**WORK REQUEST**.
Say how many lines in the data hold "noteq". Nothing else belongs in the answer.

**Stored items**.
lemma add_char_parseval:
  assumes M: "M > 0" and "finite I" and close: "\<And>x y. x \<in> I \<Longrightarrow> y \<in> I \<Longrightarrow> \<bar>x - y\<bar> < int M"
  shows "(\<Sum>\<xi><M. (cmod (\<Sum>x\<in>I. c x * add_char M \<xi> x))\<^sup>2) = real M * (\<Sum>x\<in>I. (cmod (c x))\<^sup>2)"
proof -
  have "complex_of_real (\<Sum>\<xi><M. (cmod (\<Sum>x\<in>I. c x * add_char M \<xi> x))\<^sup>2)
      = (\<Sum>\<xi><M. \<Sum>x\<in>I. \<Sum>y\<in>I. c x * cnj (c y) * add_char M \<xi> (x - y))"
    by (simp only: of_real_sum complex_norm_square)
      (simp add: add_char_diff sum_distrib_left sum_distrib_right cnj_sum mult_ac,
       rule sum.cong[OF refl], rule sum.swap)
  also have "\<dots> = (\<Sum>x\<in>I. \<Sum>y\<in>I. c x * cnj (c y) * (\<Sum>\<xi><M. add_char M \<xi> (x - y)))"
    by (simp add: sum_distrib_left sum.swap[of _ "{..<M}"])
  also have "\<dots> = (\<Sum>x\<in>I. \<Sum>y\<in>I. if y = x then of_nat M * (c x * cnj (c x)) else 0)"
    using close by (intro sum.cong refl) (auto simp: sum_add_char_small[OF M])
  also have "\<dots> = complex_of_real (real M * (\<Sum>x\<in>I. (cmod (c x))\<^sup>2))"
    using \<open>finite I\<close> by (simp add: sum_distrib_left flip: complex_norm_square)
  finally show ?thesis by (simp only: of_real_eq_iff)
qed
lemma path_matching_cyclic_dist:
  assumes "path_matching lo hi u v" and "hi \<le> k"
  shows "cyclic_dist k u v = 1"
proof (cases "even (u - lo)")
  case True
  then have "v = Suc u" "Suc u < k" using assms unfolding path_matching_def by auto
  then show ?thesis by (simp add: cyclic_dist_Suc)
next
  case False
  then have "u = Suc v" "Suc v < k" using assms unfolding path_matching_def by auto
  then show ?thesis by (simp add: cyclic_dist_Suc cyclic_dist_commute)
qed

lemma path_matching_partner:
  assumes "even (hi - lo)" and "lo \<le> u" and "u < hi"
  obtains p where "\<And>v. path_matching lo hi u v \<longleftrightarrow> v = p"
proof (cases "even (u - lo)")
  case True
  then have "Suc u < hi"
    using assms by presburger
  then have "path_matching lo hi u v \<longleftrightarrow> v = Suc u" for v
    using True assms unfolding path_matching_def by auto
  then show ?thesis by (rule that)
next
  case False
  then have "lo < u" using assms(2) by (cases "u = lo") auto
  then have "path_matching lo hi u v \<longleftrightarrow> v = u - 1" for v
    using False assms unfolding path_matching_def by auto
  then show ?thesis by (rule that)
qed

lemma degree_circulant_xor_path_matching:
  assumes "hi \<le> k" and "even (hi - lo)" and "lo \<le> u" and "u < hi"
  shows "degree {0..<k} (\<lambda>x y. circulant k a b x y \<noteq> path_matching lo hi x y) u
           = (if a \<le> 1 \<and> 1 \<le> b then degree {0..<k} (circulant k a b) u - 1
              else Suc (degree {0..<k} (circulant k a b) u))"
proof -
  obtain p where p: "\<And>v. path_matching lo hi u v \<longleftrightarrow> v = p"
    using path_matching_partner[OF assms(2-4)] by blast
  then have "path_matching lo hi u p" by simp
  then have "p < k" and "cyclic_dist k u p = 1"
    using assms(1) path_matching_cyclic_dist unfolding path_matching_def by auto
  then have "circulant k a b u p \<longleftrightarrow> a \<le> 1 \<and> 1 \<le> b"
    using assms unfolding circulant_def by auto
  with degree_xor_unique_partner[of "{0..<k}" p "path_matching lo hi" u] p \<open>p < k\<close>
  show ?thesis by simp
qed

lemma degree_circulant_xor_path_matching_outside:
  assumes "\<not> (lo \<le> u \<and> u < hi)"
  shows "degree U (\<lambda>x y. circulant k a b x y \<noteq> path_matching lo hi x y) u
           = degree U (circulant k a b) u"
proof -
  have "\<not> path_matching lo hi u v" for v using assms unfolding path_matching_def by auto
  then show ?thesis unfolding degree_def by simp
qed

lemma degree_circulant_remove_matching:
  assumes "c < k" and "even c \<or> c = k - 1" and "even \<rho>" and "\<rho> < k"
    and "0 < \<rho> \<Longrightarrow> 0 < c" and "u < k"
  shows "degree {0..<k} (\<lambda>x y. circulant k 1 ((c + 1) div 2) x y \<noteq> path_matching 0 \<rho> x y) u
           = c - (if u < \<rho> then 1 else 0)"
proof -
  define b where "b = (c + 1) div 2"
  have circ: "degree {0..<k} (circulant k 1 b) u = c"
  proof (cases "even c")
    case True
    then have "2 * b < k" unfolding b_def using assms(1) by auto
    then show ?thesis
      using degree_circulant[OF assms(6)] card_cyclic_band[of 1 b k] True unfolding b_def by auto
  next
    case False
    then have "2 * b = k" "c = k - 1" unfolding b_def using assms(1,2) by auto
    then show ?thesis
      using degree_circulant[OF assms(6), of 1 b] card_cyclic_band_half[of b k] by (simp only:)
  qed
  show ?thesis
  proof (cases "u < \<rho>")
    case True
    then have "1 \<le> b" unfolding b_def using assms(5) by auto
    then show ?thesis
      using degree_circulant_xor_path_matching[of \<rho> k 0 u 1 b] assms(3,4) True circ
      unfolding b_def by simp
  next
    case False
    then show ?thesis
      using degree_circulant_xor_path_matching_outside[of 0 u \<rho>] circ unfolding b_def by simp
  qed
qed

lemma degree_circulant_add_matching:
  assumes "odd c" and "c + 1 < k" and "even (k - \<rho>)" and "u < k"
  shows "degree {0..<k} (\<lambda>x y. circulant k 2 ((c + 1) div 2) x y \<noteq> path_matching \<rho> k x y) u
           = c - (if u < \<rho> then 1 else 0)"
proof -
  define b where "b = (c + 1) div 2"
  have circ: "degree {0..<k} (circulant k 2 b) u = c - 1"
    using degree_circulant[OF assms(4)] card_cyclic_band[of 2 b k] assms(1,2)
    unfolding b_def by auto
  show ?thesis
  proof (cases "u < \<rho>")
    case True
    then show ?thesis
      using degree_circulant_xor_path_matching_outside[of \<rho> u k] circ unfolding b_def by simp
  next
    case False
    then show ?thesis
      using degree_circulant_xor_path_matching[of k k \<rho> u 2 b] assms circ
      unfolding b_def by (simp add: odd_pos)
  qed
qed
...
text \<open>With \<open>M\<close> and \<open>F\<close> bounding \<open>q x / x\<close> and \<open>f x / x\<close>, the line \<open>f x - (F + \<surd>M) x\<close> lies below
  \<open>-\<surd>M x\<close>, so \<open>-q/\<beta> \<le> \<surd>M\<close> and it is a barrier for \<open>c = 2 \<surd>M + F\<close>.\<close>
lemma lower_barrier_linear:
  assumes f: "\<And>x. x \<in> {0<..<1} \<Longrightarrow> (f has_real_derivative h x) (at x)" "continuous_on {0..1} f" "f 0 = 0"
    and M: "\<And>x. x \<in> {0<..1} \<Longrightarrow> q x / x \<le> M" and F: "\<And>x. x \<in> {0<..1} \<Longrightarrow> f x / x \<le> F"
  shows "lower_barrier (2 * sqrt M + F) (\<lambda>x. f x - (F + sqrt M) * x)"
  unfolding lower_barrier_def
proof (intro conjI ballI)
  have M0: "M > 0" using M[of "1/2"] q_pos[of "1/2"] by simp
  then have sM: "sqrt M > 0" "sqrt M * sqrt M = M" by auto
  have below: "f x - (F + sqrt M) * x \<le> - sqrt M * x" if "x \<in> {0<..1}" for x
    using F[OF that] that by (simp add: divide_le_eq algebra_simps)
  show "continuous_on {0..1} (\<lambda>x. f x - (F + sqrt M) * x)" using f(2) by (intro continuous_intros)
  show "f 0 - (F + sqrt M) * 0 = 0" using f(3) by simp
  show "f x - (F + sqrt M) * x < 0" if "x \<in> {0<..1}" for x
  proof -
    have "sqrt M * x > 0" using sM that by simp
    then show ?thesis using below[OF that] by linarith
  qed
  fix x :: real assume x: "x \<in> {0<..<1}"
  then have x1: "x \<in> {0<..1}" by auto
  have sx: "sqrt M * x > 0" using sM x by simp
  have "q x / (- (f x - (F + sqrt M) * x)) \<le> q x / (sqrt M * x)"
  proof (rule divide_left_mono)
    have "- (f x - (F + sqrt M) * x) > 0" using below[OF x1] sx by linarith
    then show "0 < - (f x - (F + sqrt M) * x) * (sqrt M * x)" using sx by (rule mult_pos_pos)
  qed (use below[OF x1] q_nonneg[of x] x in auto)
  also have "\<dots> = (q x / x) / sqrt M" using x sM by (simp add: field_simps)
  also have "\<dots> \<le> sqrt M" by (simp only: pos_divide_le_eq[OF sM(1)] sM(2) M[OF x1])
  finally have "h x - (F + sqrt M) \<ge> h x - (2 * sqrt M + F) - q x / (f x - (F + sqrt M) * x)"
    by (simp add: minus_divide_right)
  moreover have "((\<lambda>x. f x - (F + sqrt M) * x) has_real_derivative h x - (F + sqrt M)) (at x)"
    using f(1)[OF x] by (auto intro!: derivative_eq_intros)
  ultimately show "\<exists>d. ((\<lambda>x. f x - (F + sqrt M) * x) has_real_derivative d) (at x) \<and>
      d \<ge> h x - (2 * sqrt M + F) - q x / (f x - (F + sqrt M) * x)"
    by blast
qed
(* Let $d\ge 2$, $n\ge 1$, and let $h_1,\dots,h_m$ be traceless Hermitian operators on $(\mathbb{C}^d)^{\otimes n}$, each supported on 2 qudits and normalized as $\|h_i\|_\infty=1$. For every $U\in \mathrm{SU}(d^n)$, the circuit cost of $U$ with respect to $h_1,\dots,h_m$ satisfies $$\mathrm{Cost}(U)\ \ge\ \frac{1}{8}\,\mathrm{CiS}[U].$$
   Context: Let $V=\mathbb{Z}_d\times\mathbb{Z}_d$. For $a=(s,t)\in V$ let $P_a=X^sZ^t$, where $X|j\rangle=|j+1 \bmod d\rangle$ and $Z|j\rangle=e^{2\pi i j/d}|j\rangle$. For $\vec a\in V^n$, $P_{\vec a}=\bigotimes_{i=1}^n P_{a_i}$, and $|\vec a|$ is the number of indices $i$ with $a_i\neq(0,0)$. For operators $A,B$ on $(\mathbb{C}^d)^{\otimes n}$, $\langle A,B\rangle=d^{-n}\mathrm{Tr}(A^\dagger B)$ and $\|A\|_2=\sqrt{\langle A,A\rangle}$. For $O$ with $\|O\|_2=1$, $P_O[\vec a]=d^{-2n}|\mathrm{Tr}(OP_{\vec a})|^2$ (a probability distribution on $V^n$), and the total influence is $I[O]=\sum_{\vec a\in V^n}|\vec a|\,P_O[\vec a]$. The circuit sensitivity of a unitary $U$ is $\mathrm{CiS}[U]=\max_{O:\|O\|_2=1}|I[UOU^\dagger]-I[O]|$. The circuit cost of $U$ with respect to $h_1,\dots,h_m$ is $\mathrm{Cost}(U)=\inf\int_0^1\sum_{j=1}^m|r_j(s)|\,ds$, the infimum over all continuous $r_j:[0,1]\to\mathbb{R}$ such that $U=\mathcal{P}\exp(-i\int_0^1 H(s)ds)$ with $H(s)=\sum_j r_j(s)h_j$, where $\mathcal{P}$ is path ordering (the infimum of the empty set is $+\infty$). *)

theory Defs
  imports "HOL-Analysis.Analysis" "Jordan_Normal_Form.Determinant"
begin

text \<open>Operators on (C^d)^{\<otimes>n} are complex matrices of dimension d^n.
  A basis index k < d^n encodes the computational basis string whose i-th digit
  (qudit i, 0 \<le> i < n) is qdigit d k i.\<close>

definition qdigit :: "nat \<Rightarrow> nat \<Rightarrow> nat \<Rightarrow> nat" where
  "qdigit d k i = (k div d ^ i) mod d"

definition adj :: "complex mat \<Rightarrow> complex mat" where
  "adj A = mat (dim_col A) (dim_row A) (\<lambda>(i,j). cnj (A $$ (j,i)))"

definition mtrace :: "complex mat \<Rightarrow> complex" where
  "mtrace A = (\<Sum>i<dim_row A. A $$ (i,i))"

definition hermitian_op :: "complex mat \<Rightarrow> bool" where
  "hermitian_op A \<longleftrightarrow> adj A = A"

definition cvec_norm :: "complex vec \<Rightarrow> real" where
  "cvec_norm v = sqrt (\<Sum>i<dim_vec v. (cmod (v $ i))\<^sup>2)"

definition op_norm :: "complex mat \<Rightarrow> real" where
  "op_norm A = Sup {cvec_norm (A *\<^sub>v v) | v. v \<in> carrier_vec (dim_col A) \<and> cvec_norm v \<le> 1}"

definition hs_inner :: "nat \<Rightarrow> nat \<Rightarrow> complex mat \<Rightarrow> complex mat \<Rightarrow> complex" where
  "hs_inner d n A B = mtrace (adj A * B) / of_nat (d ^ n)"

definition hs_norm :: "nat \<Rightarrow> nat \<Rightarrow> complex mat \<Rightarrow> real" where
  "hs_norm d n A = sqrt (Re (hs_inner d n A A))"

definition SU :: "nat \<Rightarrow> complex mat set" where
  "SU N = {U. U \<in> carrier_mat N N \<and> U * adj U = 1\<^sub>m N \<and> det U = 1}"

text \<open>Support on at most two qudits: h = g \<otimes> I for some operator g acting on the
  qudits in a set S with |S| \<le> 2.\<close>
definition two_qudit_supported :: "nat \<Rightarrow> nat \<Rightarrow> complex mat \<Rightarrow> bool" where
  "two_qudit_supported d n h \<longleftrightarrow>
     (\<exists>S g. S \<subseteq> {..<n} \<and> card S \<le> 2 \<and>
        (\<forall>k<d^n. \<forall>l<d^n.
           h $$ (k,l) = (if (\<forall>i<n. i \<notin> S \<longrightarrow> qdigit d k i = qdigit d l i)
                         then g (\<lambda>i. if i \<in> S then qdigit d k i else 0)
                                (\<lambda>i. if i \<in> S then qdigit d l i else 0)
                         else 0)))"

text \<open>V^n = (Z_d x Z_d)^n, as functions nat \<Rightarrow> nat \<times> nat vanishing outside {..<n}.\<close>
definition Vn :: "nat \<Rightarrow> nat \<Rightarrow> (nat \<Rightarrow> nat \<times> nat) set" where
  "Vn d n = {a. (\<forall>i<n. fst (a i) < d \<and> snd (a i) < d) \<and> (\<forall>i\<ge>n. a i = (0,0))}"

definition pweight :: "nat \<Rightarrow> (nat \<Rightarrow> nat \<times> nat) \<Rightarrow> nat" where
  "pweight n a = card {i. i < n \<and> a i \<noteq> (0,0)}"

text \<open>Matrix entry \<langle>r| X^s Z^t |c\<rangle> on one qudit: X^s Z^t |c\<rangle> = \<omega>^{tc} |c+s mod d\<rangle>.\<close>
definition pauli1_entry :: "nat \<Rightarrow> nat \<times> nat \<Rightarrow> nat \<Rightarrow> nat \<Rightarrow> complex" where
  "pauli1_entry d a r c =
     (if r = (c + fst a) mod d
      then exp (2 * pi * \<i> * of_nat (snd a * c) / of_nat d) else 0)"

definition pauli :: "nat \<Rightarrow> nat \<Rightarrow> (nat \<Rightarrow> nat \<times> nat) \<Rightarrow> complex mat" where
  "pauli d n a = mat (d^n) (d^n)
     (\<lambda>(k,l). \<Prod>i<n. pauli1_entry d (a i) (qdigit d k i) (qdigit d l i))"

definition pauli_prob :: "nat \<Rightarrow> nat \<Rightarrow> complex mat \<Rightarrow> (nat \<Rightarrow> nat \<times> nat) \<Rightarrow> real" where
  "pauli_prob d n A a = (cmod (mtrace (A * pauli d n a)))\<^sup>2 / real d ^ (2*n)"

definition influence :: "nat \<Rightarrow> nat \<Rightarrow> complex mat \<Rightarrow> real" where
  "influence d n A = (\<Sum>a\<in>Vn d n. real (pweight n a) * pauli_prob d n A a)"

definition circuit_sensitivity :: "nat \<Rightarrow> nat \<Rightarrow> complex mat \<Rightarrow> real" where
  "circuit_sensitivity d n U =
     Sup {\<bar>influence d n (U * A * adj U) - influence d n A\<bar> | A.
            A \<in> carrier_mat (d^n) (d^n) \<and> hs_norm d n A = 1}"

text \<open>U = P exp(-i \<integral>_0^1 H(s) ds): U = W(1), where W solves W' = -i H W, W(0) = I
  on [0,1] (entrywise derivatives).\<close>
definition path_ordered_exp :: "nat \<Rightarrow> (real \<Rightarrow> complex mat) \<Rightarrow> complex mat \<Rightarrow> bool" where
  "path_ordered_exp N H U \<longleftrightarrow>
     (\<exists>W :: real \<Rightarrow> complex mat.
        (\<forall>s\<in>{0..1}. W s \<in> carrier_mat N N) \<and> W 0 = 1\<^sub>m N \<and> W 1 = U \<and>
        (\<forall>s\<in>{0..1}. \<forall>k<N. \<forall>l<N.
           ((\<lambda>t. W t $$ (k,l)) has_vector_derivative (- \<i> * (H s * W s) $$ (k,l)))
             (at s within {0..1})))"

**OUTPUT BELOW**.
5